В пятницу в Центральном выставочном зале "Манеж" состоялась пресс-конференция, посвященная закрытию первой в Санкт-Петербурге выставки президента Академии художеств РФ Зураба Церетели.
То, что творилось в Манеже, пресс-конференцией можно назвать с натяжкой. На финальной стадии звучали вопросы журналистов. Но то, что говорил господин Церетели в своей своеобразной, сумбурной, порой нечленораздельной манере, ответами тоже не назовешь. Спрашивают, например, про судьбу 6-метрового памятника Петру I, на время экспозиции воцарившегося на портике Манежа: "Правда ли, что он останется в городе навсегда?" А мэтр вспоминает про миниатюрные копии статуи святого Георгия, которые дарил "Бушу и Тэтчер", говорит, что хорошо бы наделать много маленьких Петров, а еще, что у него дома "есть такой станок", но, что за станок такой, не уточняет, перескочив на какую-то другую тему.
Хотя зачем ему говорить. За господина Церетели говорят другие. Не говорят — поют. Вице-президенты и члены президиума Академии художеств не могут отказать себе в удовольствии смотаться за начальником в другой город и на открытие, и на закрытие. Достигают высот патетики, которая, боюсь, не снилась Ким Ир Сену. Ладно бы, просто свита, но свита, состоящая из седых, заслуженных, воевавших людей, заговоривших в унизительной, подобострастной манере. Вряд ли они не понимают, что, независимо от таланта художника, о котором идет речь, нельзя говорить такое на людях и не плакать потом от стыда, хотя бы украдкой. Конечно, ничего страшного в этом нет: они же не голосуют за то, чтобы кого-то расстрелять, а просто объясняются в любви к начальству. Но стилистика та же — стилистика истерического партсобрания или героя Евгения Шварца, с прямотой старика, которому нечего терять, резавшего в лицо государю правду-матку: "Вы — гений, ваше величество".

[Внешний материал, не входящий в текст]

lemma reachable_distinct_walk:
  assumes "(x, y) \<in> (adj_rel E)\<^sup>*"
  obtains ps where "walk E ps" "distinct ps" "ps \<noteq> []" "hd ps = x" "last ps = y"
  using assms
proof (induction arbitrary: thesis rule: converse_rtrancl_induct)
  case base
  show ?case
    using base[of "[y]"] by simp
next
  case (step x x')
  then obtain ps where ps: "walk E ps" "distinct ps" "ps \<noteq> []" "hd ps = x'" "last ps = y"
    by blast
  show ?case
  proof (cases "x \<in> set ps")
    case True
    then obtain as bs where "ps = as @ x # bs"
      by (meson split_list)
    then show ?thesis
      using ps step.prems[of "x # bs"] by (simp add: successively_append_iff)
  next
    case False
    then show ?thesis
      using ps step.hyps(1) step.prems[of "x # ps"] by (cases ps) auto
  qed
qed

definition cycle_edge :: "'a list \<Rightarrow> nat \<Rightarrow> 'a set" where
  "cycle_edge vs i = {vs ! i, vs ! (Suc i mod length vs)}"

lemma cycle_edge_last: "vs \<noteq> [] \<Longrightarrow> cycle_edge vs (length vs - 1) = {last vs, hd vs}"
  by (simp add: cycle_edge_def last_conv_nth hd_conv_nth)

lemma cycle_edge_inj_on:
  assumes "distinct vs" "3 \<le> length vs"
  shows "inj_on (cycle_edge vs) {..<length vs}"
proof
  fix a j assume a: "a \<in> {..<length vs}" and j: "j \<in> {..<length vs}"
    and eq: "cycle_edge vs a = cycle_edge vs j"
  show "a = j"
  proof (rule ccontr)
    assume "a \<noteq> j"
    have "0 < length vs"
      using assms(2) by linarith
    then have "Suc a mod length vs < length vs" "Suc j mod length vs < length vs"
      by simp_all
    with \<open>a \<noteq> j\<close> eq a j assms(1) have "a = Suc j mod length vs \<and> j = Suc a mod length vs"
      by (auto simp: cycle_edge_def doubleton_eq_iff nth_eq_iff_index_eq)
    moreover have "a < length vs" "j < length vs"
      using a j by simp_all
    \<comment> \<open>\<open>a \<equiv> j + 1\<close> and \<open>j \<equiv> a + 1\<close> modulo the length would force it to divide 2.\<close>
    ultimately show False
      using assms(2) \<open>a \<noteq> j\<close> by (metis Suc_n_not_le_n lessI mod_Suc mod_if not_add_less2 numeral_3_eq_3
          plus_1_eq_Suc)
  qed
qed

definition cycles :: "'a set set \<Rightarrow> 'a set set set" where
  "cycles E = {C. is_cycle E C}"

lemma is_cycleI:
  assumes "3 \<le> length vs" "distinct vs" "\<And>i. i < length vs \<Longrightarrow> cycle_edge vs i \<in> E"
  shows "is_cycle E (cycle_edge vs ` {..<length vs})"
  using assms unfolding is_cycle_def cycle_edge_def by auto

lemma is_cycleE:
  assumes "is_cycle E C"
  obtains vs where "3 \<le> length vs" "distinct vs" "\<And>i. i < length vs \<Longrightarrow> cycle_edge vs i \<in> E"
    "C = cycle_edge vs ` {..<length vs}" "card C = length vs"
proof -
  obtain vs where vs: "3 \<le> length vs" "distinct vs" "\<And>i. i < length vs \<Longrightarrow> cycle_edge vs i \<in> E"
    "C = cycle_edge vs ` {..<length vs}"
    using assms unfolding is_cycle_def cycle_edge_def by auto
  moreover have "card C = length vs"
    using vs by (simp add: card_image cycle_edge_inj_on)
  ultimately show thesis
    using that by blast
qed

lemma card_cycle_ge_3: "is_cycle E C \<Longrightarrow> 3 \<le> card C"
  by (metis is_cycleE)

lemma cycle_subset_edges: "is_cycle E C \<Longrightarrow> C \<subseteq> E"
  by (auto elim: is_cycleE)

lemma cycles_mono: "F \<subseteq> E \<Longrightarrow> cycles F \<subseteq> cycles E"
  unfolding cycles_def is_cycle_def by blast

lemma finite_cycles: "finite E \<Longrightarrow> finite (cycles E)"
  by (rule finite_subset[of _ "Pow E"]) (auto simp: cycles_def dest: cycle_subset_edges)

lemma cycle_through_new_edge:
  assumes "(v, u) \<in> (adj_rel E)\<^sup>*" "u \<noteq> v" "{u, v} \<notin> E"
  obtains C where "is_cycle (insert {u, v} E) C" "{u, v} \<in> C"
proof -
  obtain ps where ps: "walk E ps" "distinct ps" "ps \<noteq> []" "hd ps = v" "last ps = u"
    using assms(1) by (rule reachable_distinct_walk)
  have length_ps: "3 \<le> length ps"
  proof (rule ccontr)
    assume "\<not> 3 \<le> length ps"
    moreover have "length ps \<noteq> 0"
      using ps(3) by simp
    ultimately consider "length ps = 1" | "length ps = 2"
      by (cases "length ps = 1") auto
    then show False
    proof cases
      case 1
      then show False
        using ps assms(2) by (simp add: hd_conv_nth last_conv_nth)
    next
      case 2
      then have "ps = [v, u]"
        using ps(4,5) by (cases ps rule: remdups_adj.cases) auto
      then show False
        using ps(1) assms(3) by (simp add: insert_commute)
    qed
  qed
  have "cycle_edge ps i \<in> insert {u, v} E" if "i < length ps" for i
  proof (cases "Suc i = length ps")
    case True
    then have "cycle_edge ps i = {last ps, hd ps}"
      using cycle_edge_last[OF ps(3)] by (metis diff_Suc_1)
    then show ?thesis
      using ps by (simp add: insert_commute)
  next
    case False
    with that have "cycle_edge ps i = {ps ! i, ps ! Suc i}"
      by (simp add: cycle_edge_def)
    then show ?thesis
      using successively_nth[OF ps(1)] that False by simp
  qed
  with length_ps ps(2) have "is_cycle (insert {u, v} E) (cycle_edge ps ` {..<length ps})"
    by (rule is_cycleI)
  moreover have "{u, v} \<in> cycle_edge ps ` {..<length ps}"
    using cycle_edge_last[OF ps(3)] ps by (auto simp: insert_commute intro!: image_eqI)
  ultimately show thesis
    using that by blast
qed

Нельзя сказать, что академики предают все критерии профессионализма. Один критерий у них есть: критерий количества. Все как один упоминали, какое количество искусства производит господин Церетели. Это все, это конец, после таких речей академию, хотя бы теоретически хранящую идею совершенства, можно распускать.
По их словам, памятник Петру "увеличит художественные достоинства Петербурга". Сидеть рядом с Зурабом Константиновичем на заседаниях, видеть его "очаровательное, радостное лицо — счастье". Господин Церетели — "герой", "великий художник XXI века", "чудо из чудес", "сверхъестественное явление". Имя его останется в веках, люди будут с гордостью рассказывать, что "видели живого Зураба Константиновича". Он "равен Микеланджело", он, как Моцарт, "не сочиняет музыку, а слышит ее". Член президиума Академии художеств Альбина Акритас сказала: "Мы, художники, — краски на его палитре". Она права: в этот день они все — лишь краски, которыми начальник пишет даже не автопортрет — автоикону. Казалось, скажи кто-нибудь, что господин Церетели не только "реабилитировал и принял в академию ряд выдающихся художников", но и воскресил Пиросмани с Малевичем, никто не удивился бы, и все дружно встретили бы воскрешенных аплодисментами. "Я в восторге", — подытожил дискуссию господин Церетели.
Усладив слух, господин Церетели решил порадовать глаз и отправился на прогулку с председателем комитета по культуре Николаем Буровым, вице-губернатором Сергеем Тарасовым и ректором Института имени Репина (петербургской Академии художеств) Альбертом Чаркиным. "Я вот здесь хочу", — имея в виду установку своего Петра в Петербурге, сказал скульптор, указывая в створ Конногвардейского бульвара. Робкие возражения, что один Петр поблизости уже есть, впечатления на него, кажется, не произвели. Остается удивляться только тому, что, наслушавшись объяснений в любви к его работам, господин Церетели не уважил традиции восточного гостеприимства и не подарил Петербургу все, что привез на выставку.